(Records excerpted from a collection)
+--

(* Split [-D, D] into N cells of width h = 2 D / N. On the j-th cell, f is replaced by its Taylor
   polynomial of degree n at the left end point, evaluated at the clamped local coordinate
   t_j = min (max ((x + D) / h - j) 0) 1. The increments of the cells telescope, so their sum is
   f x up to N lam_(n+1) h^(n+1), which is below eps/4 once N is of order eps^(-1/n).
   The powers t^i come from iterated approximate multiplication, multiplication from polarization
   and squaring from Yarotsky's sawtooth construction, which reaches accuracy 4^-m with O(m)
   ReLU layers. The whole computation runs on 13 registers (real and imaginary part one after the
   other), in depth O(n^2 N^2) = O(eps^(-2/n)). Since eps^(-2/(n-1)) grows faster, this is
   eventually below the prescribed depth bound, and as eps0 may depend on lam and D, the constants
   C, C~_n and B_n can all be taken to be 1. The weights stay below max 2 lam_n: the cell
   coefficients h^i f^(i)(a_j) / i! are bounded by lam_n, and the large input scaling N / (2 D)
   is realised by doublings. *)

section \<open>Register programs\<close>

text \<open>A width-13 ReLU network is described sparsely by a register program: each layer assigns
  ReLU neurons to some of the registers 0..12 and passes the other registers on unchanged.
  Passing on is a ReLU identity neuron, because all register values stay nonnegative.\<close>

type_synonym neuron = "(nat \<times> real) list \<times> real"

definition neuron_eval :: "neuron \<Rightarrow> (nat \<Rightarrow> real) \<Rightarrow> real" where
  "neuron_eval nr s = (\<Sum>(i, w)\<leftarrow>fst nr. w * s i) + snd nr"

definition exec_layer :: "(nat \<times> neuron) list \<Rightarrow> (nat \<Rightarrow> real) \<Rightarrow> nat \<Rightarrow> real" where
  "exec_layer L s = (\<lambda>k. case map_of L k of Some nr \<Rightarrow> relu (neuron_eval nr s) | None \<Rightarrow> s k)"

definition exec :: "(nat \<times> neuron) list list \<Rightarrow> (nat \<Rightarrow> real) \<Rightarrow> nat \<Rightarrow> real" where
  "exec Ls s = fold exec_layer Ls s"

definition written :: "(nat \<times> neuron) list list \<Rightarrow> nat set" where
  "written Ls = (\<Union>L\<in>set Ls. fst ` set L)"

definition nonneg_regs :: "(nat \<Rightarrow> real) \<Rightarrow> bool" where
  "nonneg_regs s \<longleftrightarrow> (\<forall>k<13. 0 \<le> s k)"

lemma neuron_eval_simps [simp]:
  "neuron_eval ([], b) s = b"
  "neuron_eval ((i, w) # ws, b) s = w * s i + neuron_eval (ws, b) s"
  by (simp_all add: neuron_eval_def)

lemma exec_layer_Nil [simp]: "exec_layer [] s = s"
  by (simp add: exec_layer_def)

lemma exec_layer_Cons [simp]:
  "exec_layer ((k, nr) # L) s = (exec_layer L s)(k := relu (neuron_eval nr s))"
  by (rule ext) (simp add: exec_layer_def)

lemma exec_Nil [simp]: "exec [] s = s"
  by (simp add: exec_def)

+--

_What is required_. Which lines above contain "written"? Show each of them.

_Response to this exercise_.
definition written :: "(nat \<times> neuron) list list \<Rightarrow> nat set" where
  "written Ls = (\<Union>L\<in>set Ls. fst ` set L)"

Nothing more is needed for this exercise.